▶ **What you have to do**:
Once the line containing "using psi_mono \<open>k" is found in the records below, return it and each following line exactly, up to and including the line containing "proof (intro ballI)", and nothing else.

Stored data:

________________

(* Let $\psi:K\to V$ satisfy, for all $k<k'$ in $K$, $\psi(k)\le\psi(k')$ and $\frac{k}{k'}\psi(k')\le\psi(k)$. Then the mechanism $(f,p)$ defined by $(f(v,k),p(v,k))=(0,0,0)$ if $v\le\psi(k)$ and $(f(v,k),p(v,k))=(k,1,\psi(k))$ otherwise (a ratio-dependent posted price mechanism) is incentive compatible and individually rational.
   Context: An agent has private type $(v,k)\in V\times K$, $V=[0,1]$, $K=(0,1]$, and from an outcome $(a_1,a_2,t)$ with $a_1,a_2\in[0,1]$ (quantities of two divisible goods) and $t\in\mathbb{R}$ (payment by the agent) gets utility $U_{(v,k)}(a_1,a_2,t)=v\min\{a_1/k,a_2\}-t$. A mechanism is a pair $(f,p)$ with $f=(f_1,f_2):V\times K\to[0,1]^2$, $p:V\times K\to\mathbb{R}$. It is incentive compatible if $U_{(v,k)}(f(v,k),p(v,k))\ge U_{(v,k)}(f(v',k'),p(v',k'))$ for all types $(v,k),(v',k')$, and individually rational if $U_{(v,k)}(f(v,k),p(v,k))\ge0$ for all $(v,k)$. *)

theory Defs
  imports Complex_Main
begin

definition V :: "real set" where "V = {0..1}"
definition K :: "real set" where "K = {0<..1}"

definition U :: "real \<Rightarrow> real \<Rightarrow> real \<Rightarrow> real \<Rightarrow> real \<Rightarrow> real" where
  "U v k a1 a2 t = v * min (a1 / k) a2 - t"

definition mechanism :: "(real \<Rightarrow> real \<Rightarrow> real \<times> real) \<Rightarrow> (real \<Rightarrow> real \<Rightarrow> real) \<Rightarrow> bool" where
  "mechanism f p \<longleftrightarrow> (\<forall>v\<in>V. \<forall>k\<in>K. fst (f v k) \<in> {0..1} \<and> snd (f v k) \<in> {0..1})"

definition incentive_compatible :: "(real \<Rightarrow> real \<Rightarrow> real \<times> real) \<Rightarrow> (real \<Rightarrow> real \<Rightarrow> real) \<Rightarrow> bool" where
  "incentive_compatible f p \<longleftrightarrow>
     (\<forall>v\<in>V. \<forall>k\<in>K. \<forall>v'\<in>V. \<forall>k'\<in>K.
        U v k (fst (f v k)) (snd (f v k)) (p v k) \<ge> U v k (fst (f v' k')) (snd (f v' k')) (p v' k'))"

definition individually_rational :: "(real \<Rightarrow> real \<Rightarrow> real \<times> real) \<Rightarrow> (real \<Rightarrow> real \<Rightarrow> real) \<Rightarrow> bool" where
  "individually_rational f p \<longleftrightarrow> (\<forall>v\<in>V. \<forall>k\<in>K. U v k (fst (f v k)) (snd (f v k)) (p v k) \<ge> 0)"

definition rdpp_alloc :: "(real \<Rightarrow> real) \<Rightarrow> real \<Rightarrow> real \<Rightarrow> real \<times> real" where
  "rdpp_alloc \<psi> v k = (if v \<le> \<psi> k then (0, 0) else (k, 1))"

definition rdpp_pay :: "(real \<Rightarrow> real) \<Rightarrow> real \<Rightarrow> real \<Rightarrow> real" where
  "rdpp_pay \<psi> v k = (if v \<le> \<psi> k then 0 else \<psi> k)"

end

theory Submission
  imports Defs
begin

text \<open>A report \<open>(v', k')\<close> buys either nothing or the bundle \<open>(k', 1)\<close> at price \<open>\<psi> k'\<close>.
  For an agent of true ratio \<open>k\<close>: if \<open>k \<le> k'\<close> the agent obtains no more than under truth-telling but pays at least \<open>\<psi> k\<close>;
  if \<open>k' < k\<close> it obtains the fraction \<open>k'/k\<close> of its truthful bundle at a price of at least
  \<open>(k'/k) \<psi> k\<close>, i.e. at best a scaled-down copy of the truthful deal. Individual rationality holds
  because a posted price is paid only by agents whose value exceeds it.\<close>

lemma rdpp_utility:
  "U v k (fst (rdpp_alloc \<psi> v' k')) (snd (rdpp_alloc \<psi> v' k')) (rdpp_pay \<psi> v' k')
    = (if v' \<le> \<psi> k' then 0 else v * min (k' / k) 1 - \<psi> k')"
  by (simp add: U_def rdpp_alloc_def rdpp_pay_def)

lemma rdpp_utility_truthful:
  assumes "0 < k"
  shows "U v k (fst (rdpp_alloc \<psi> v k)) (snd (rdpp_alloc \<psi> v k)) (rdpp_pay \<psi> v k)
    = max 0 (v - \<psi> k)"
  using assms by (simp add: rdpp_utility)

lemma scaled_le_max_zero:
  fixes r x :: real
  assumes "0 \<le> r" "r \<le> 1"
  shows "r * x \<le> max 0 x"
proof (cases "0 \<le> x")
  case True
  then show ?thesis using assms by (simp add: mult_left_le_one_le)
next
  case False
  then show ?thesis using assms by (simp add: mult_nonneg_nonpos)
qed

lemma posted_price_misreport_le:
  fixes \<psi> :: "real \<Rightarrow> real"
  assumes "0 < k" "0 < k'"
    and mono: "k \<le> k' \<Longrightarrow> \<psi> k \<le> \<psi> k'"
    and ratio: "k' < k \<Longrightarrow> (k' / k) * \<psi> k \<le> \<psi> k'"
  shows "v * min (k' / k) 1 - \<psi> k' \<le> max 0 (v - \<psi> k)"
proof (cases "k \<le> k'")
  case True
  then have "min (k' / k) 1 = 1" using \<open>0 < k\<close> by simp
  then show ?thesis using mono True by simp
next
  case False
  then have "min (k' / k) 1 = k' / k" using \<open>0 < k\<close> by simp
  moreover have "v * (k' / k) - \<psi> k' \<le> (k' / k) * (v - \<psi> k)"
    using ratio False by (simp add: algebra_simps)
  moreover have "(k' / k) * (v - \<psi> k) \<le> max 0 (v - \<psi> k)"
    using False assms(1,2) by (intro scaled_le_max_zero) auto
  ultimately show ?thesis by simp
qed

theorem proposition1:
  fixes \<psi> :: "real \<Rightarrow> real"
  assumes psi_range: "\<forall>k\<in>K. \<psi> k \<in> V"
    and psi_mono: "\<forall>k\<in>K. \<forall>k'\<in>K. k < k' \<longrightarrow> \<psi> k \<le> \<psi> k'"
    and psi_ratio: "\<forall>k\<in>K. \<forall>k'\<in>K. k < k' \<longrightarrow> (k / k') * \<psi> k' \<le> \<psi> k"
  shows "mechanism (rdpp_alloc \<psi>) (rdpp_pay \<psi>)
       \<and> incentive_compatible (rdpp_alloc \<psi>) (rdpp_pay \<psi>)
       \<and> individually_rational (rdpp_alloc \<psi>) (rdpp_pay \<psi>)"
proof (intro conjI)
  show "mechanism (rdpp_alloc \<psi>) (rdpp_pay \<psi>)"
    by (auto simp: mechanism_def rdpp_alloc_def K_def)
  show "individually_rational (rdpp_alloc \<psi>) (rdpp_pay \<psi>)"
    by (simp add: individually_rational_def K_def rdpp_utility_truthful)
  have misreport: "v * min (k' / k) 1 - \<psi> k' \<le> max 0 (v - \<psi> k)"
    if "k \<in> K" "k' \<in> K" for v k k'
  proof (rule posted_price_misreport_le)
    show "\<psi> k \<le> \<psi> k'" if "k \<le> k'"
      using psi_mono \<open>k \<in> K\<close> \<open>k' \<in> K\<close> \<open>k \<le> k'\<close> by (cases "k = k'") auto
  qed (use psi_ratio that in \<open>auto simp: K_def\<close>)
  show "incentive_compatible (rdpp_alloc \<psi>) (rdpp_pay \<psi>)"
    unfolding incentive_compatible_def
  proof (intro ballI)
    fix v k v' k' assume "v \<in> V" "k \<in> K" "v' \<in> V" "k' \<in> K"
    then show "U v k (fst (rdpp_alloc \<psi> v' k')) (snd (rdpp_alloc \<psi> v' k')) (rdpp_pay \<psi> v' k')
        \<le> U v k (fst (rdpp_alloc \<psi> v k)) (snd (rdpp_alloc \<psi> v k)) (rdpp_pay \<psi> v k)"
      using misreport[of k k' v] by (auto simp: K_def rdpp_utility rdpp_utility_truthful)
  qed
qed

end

________________

▶ **Task response**:
      using psi_mono \<open>k \<in> K\<close> \<open>k' \<in> K\<close> \<open>k \<le> k'\<close> by (cases "k = k'") auto
  qed (use psi_ratio that in \<open>auto simp: K_def\<close>)
  show "incentive_compatible (rdpp_alloc \<psi>) (rdpp_pay \<psi>)"
    unfolding incentive_compatible_def
  proof (intro ballI)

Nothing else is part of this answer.